> _Assignment_
Show the lines below where "theta" occurs.

> _Data provided_
-----

(* Let $N\ge 3$, $M\ge 2$, $L\ge1$ be integers, $P>0$, $\tau\in[0,1]$, $\sigma_R>0$, $c_3\in\mathbb{C}\setminus\{0\}$, $\alpha,\beta\in\mathbb{C}$ with $|\alpha|^2+|\beta|^2=1$. Let $\theta\sim\mathcal{U}(-\pi/2,\pi/2)$ and $\mathbf{h}\sim\mathcal{CN}(\mathbf{0},\mathbf{I}_N)$ be independent, and let $\mathrm{CRB}(\theta)$ be the random variable defined below. Then for every $\epsilon>0$, setting $$x_\epsilon=\sqrt{6}\,\sigma_R\left(\epsilon MN\pi^2LP|c_3|^2\Big(|\alpha|^2\tau(M^2-1)+\frac{(N^2-1)(1-\tau)}{N-2}\Big)\right)^{-1/2},$$ we have $P(\mathrm{CRB}(\theta)>\epsilon)\ge \frac{2}{\pi}\sin^{-1}(x_\epsilon)$ if $x_\epsilon<1$, and $P(\mathrm{CRB}(\theta)>\epsilon)\ge 1$ otherwise.
   Context: Steering vectors: $\mathbf{a}(\theta)\in\mathbb{C}^N$ has $i$-th entry $e^{-j\pi\sin(\theta)\frac{N-(2i-1)}{2}}$, $i=1,\dots,N$; $\mathbf{b}(\theta)\in\mathbb{C}^M$ has $m$-th entry $e^{-j\pi\sin(\theta)\frac{M-(2m-1)}{2}}$. Define $\tilde{\mathbf{a}}=\mathbf{a}/\|\mathbf{a}\|$, $\tilde{\mathbf{h}}=\frac{\mathbf{h}-(\tilde{\mathbf{a}}^H\mathbf{h})\tilde{\mathbf{a}}}{\|\mathbf{h}-(\tilde{\mathbf{a}}^H\mathbf{h})\tilde{\mathbf{a}}\|}$ (well defined almost surely), $\mathbf{t}_1=\alpha\tilde{\mathbf{a}}+\beta\tilde{\mathbf{h}}$, and let $\mathbf{t}_3,\dots,\mathbf{t}_N$ be an orthonormal basis of the orthogonal complement of $\mathrm{span}\{\tilde{\mathbf{a}},\tilde{\mathbf{h}}\}$. Let $\gamma_1=P\tau$, $\gamma_2=\frac{(1-\tau)P}{N-2}$, $\mathbf{R}_x=\gamma_1\mathbf{t}_1\mathbf{t}_1^H+\gamma_2\sum_{i=3}^N\mathbf{t}_i\mathbf{t}_i^H$, $\mathbf{A}(\theta)=\mathbf{b}(\theta)\mathbf{a}(\theta)^H$, $\dot{\mathbf{A}}=\frac{d\mathbf{A}}{d\theta}$, and $$\mathrm{CRB}(\theta)=\frac{\sigma_R^2\,\mathrm{Tr}(\mathbf{A}^H\mathbf{A}\mathbf{R}_x)}{2|c_3|^2L\left(\mathrm{Tr}(\mathbf{A}^H\mathbf{A}\mathbf{R}_x)\,\mathrm{Tr}(\dot{\mathbf{A}}^H\dot{\mathbf{A}}\mathbf{R}_x)-|\mathrm{Tr}(\dot{\mathbf{A}}^H\mathbf{A}\mathbf{R}_x)|^2\right)},$$ which is a random variable through $\theta$ and $\mathbf{h}$. *)

theory Defs
  imports "HOL-Probability.Probability"
begin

-----

> _Solution to the exercise_
(* Let $N\ge 3$, $M\ge 2$, $L\ge1$ be integers, $P>0$, $\tau\in[0,1]$, $\sigma_R>0$, $c_3\in\mathbb{C}\setminus\{0\}$, $\alpha,\beta\in\mathbb{C}$ with $|\alpha|^2+|\beta|^2=1$. Let $\theta\sim\mathcal{U}(-\pi/2,\pi/2)$ and $\mathbf{h}\sim\mathcal{CN}(\mathbf{0},\mathbf{I}_N)$ be independent, and let $\mathrm{CRB}(\theta)$ be the random variable defined below. Then for every $\epsilon>0$, setting $$x_\epsilon=\sqrt{6}\,\sigma_R\left(\epsilon MN\pi^2LP|c_3|^2\Big(|\alpha|^2\tau(M^2-1)+\frac{(N^2-1)(1-\tau)}{N-2}\Big)\right)^{-1/2},$$ we have $P(\mathrm{CRB}(\theta)>\epsilon)\ge \frac{2}{\pi}\sin^{-1}(x_\epsilon)$ if $x_\epsilon<1$, and $P(\mathrm{CRB}(\theta)>\epsilon)\ge 1$ otherwise.
   Context: Steering vectors: $\mathbf{a}(\theta)\in\mathbb{C}^N$ has $i$-th entry $e^{-j\pi\sin(\theta)\frac{N-(2i-1)}{2}}$, $i=1,\dots,N$; $\mathbf{b}(\theta)\in\mathbb{C}^M$ has $m$-th entry $e^{-j\pi\sin(\theta)\frac{M-(2m-1)}{2}}$. Define $\tilde{\mathbf{a}}=\mathbf{a}/\|\mathbf{a}\|$, $\tilde{\mathbf{h}}=\frac{\mathbf{h}-(\tilde{\mathbf{a}}^H\mathbf{h})\tilde{\mathbf{a}}}{\|\mathbf{h}-(\tilde{\mathbf{a}}^H\mathbf{h})\tilde{\mathbf{a}}\|}$ (well defined almost surely), $\mathbf{t}_1=\alpha\tilde{\mathbf{a}}+\beta\tilde{\mathbf{h}}$, and let $\mathbf{t}_3,\dots,\mathbf{t}_N$ be an orthonormal basis of the orthogonal complement of $\mathrm{span}\{\tilde{\mathbf{a}},\tilde{\mathbf{h}}\}$. Let $\gamma_1=P\tau$, $\gamma_2=\frac{(1-\tau)P}{N-2}$, $\mathbf{R}_x=\gamma_1\mathbf{t}_1\mathbf{t}_1^H+\gamma_2\sum_{i=3}^N\mathbf{t}_i\mathbf{t}_i^H$, $\mathbf{A}(\theta)=\mathbf{b}(\theta)\mathbf{a}(\theta)^H$, $\dot{\mathbf{A}}=\frac{d\mathbf{A}}{d\theta}$, and $$\mathrm{CRB}(\theta)=\frac{\sigma_R^2\,\mathrm{Tr}(\mathbf{A}^H\mathbf{A}\mathbf{R}_x)}{2|c_3|^2L\left(\mathrm{Tr}(\mathbf{A}^H\mathbf{A}\mathbf{R}_x)\,\mathrm{Tr}(\dot{\mathbf{A}}^H\dot{\mathbf{A}}\mathbf{R}_x)-|\mathrm{Tr}(\dot{\mathbf{A}}^H\mathbf{A}\mathbf{R}_x)|^2\right)},$$ which is a random variable through $\theta$ and $\mathbf{h}$. *)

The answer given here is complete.